Peut-être une piste à creuser ...

Enjoy !

----------

## Mickael

Salut,

juste pour signaler que je n'ai jamais réussi à me connecter à la livebox de mon frère. Pourtant tout est indiqué sur le boitier mais rien... J'utilise wireless-tools avec une carte ipw3945. Je regarde donc avec une grande intention ce poste. Si ma petite expérience peut servir avec quelques infos n'hésiter pas.

----------

## davidou2a

Personnellement j'ai une livebox SAGEM et j'ai jamais eu de souçis pour me connecter par contre pour la livebox Inventel de mon cousin c'est une autre pere de manche je suis obliger de la redemarrer et d'utiliser le bouton d association constament...

----------

## SanKuKai

Salut.

Je me connecte aussi sans souci aucun sur une Livebox Sagem. Par contre il est vrai que la Livebox Inventel est connue pour avoir des problèmes d'association (comme en témoigne ceci).

Je trouve ça quand-même vachement étrange vu qu'il est possible, via l'interface d'administration, d'inscrire une liste d'adresse MAC autorisées sans passer par le bouton d'association.... La Livebox Inventel « effacerait » cette liste ?

----------

## man in the hill

 *man in the hill wrote:*   

>  *Tanki wrote:*   salut
> 
> la plupart des livebox que j'aie pu voir et configurer ont des limitations au niveau des adresses MAC
> 
> as tu pensé à mettre l'adresse MAC de ta carte wifi dans la liste des adresses autorisées   
> ...

 

Salut,

Je pensais que j'étais connecté sous win car l'icone de la barre de tâche avait viré la croix rouge mais en regardant de plus près ce matin  j'ai pu constater que ipconfig ne me sortait aucune adresse IP donc j'ai demandé au collègue de vérifier si mon adresse mac était configuré ds la livebox et là , il n'y avait pas mon @mac et la rajoutant tout est rentré ds l'ordre ! Je dois dire que c'est n'est pas moi qui détient la config de la livebox d'ou ce contre temps !!!!!  et ils m'ont tous dit qu'il suffit d'appuyer sur le bouton à côté de la carte adsl  pour que la livebox prenne en compte l'@mac ....

dsl pour le dérangement !

Merci à tous !

@+

----------

## Mickael

non non, ne soit pas désolé, comme tu as pu le voir, je n'ai jamais réussi à me connecter. Étant donné que je suis un utilisateur occasionnel d'une livebox, je ne savais pas qu'il fallait rentrer mon adresse mac. Mais comment fait-on ?

----------

## Tanki

 *MickTux wrote:*   

> non non, ne soit pas désolé, comme tu as pu le voir, je n'ai jamais réussi à me connecter. Étant donné que je suis un utilisateur occasionnel d'une livebox, je ne savais pas qu'il fallait rentrer mon adresse mac. Mais comment fait-on ?

 

dans l'interface de la livebox il y a une section sécurité il me semble ou un truc approchant

avec un tableau ou est déjà présente l'adresse MAC de la clé usb wifi fournie avec la livebox

il suffit de rentrer la nouvelle adresse MAC puis de valider

c'est bête comme chou et fastoche comme la brioche  :Very Happy: 

----------

## Mickael

Merci Tanki, mais j'espère qu'il ne faut pas être sous windows pour faire cela.
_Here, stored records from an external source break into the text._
text \<open>If \<open>t\<^sub>i = 0\<close>, the level function
  does not change between \<open>i\<close> and the previous value of \<open>f\<close>.\<close>
lemma phi_level_drop_iff:
  assumes f: "is_placing k f" and box: "in_box k (height k f) t" and i: "i \<in> {1..k}"
  shows "(\<exists>j\<le>k. f j = i) \<and> (\<forall>j\<le>k. f j < i \<longrightarrow> phi_level k f t i < phi_level k f t (f j))
         \<longleftrightarrow> t i \<noteq> 0"
proof
  assume "(\<exists>j\<le>k. f j = i) \<and> (\<forall>j\<le>k. f j < i \<longrightarrow> phi_level k f t i < phi_level k f t (f j))"
  then obtain j1 where j1: "j1 \<le> k" "f j1 = i"
    and drop: "\<forall>j\<le>k. f j < i \<longrightarrow> phi_level k f t i < phi_level k f t (f j)" by blast
  obtain j2 where j2: "j2 \<le> k" "f j2 < i" and gap: "\<forall>n\<in>f ` {0..k} - {0}. \<not> (f j2 < n \<and> n < i)"
    using placing_previous_value[OF f j1] i by auto
  show "t i \<noteq> 0"
  proof
    assume "t i = 0"
    from level_sum_flat[where t = t and i = i and k = k and f = f, OF this gap j2(2)]
    have "phi_level k f t (f j2) = phi_level k f t i" unfolding phi_level_def by simp
    with drop j2 show False by force
  qed
next
  assume "t i \<noteq> 0"
  moreover have "0 \<le> t i" "t i \<le> real (height k f i)" using box i unfolding in_box_def by auto
  ultimately have "0 < t i" and "\<exists>j\<le>k. f j = i"
    unfolding height_def by (auto split: if_splits)
  with phi_level_strict_drop[OF box_nonneg_on_range[OF f box] i]
  show "(\<exists>j\<le>k. f j = i) \<and> (\<forall>j\<le>k. f j < i \<longrightarrow> phi_level k f t i < phi_level k f t (f j))"
    by fastforce
qed

theorem lemma5p9:
  fixes k :: nat and f :: "nat \<Rightarrow> nat" and t :: "nat \<Rightarrow> real"
  assumes "k \<ge> 1" and "is_placing k f" and "in_box k (height k f) t"
  shows "\<forall>i\<in>{1..k}.
           (t i \<noteq> 0 \<longleftrightarrow>
              (\<exists>r::real. card {j. j \<le> k \<and> phi k f t j > r} = i))
         \<and> (\<forall>(r::real) (g::nat \<Rightarrow> nat).
              card {j. j \<le> k \<and> phi k f t j > r} = i \<longrightarrow>
              (\<forall>j\<le>k. g j = (if phi k f t j \<le> r then i else 0)) \<longrightarrow>
              is_placing k g \<and>
              (\<forall>l\<in>{1..k}. height k g l = (if l = i then 1 else 0)) \<and>
              placing_le k g f)"
  unfolding phi_eq_phi_level
proof (intro ballI conjI allI impI)
  fix i assume i: "i \<in> {1..k}"
  then have i_bounds: "1 \<le> i" "i \<le> k" by auto
  let ?L = "phi_level k f t"
  note L_antitone = phi_level_antitone[OF box_nonneg_on_range[OF assms(2,3)]]
  show "t i \<noteq> 0 \<longleftrightarrow> (\<exists>r. card {j. j \<le> k \<and> ?L (f j) > r} = i)"
    using placing_superlevel_card_iff[where L = ?L, OF assms(2) L_antitone i_bounds(2)]
      phi_level_drop_iff[OF assms(2,3) i] by blast
  fix r :: real and g :: "nat \<Rightarrow> nat"
  let ?X = "{j. j \<le> k \<and> ?L (f j) > r}"
  assume card_X: "card ?X = i" and g: "\<forall>j\<le>k. g j = (if ?L (f j) \<le> r then i else 0)"
  have X_eq: "?X = {j. j \<le> k \<and> f j < i}"
    by (rule placing_superlevel_set(1)[OF assms(2) L_antitone card_X i_bounds(2)])
  have g_by_X: "\<forall>j\<le>k. g j = (if j \<in> ?X then 0 else i)" using g by auto
  have X_sub: "?X \<subseteq> {..k}" by auto
  show "is_placing k g"
    by (rule two_valued_placing(1)[OF X_sub card_X i_bounds g_by_X])
  show "height k g l = (if l = i then 1 else 0)" if "l \<in> {1..k}" for l
    using two_valued_placing(2)[OF X_sub card_X i_bounds g_by_X] that by blast
  show "placing_le k g f"
    unfolding placing_le_def
  proof (intro allI impI)
    fix j assume "j \<le> k"
    then have "j \<notin> ?X \<Longrightarrow> i \<le> f j" using X_eq by auto
    with g_by_X \<open>j \<le> k\<close> show "g j \<le> f j" by auto
  qed
qed

end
EDIT : Merci à tous pour vos réponse  :Wink: 

----------

## SanKuKai

 *MickTux wrote:*   

> Merci Tanki, mais j'espère qu'il ne faut pas être sous windows pour faire cela.

 

Non, non tu te connectes tranquilement au routeur via ton navigateur favori : http://192.168.1.1

Tu rentres les identifiants (admin, admin) si le propriétaire de la Livebox n'a pas jugé bon de changer le mot de passe et c'est tout !   :Wink: 

----------

## Zentoo

Je tiens à préciser que le driver rt2570 ne supporte pas les kernels SMP.

Donc si vous avez un dual-core, ce driver vous empechera d'utiliser la moitié de votre processeur ...

Je preferes le signaler ici au cas où quelqu'un n'arrive pas configurer son wifi avec ce chipset.

----------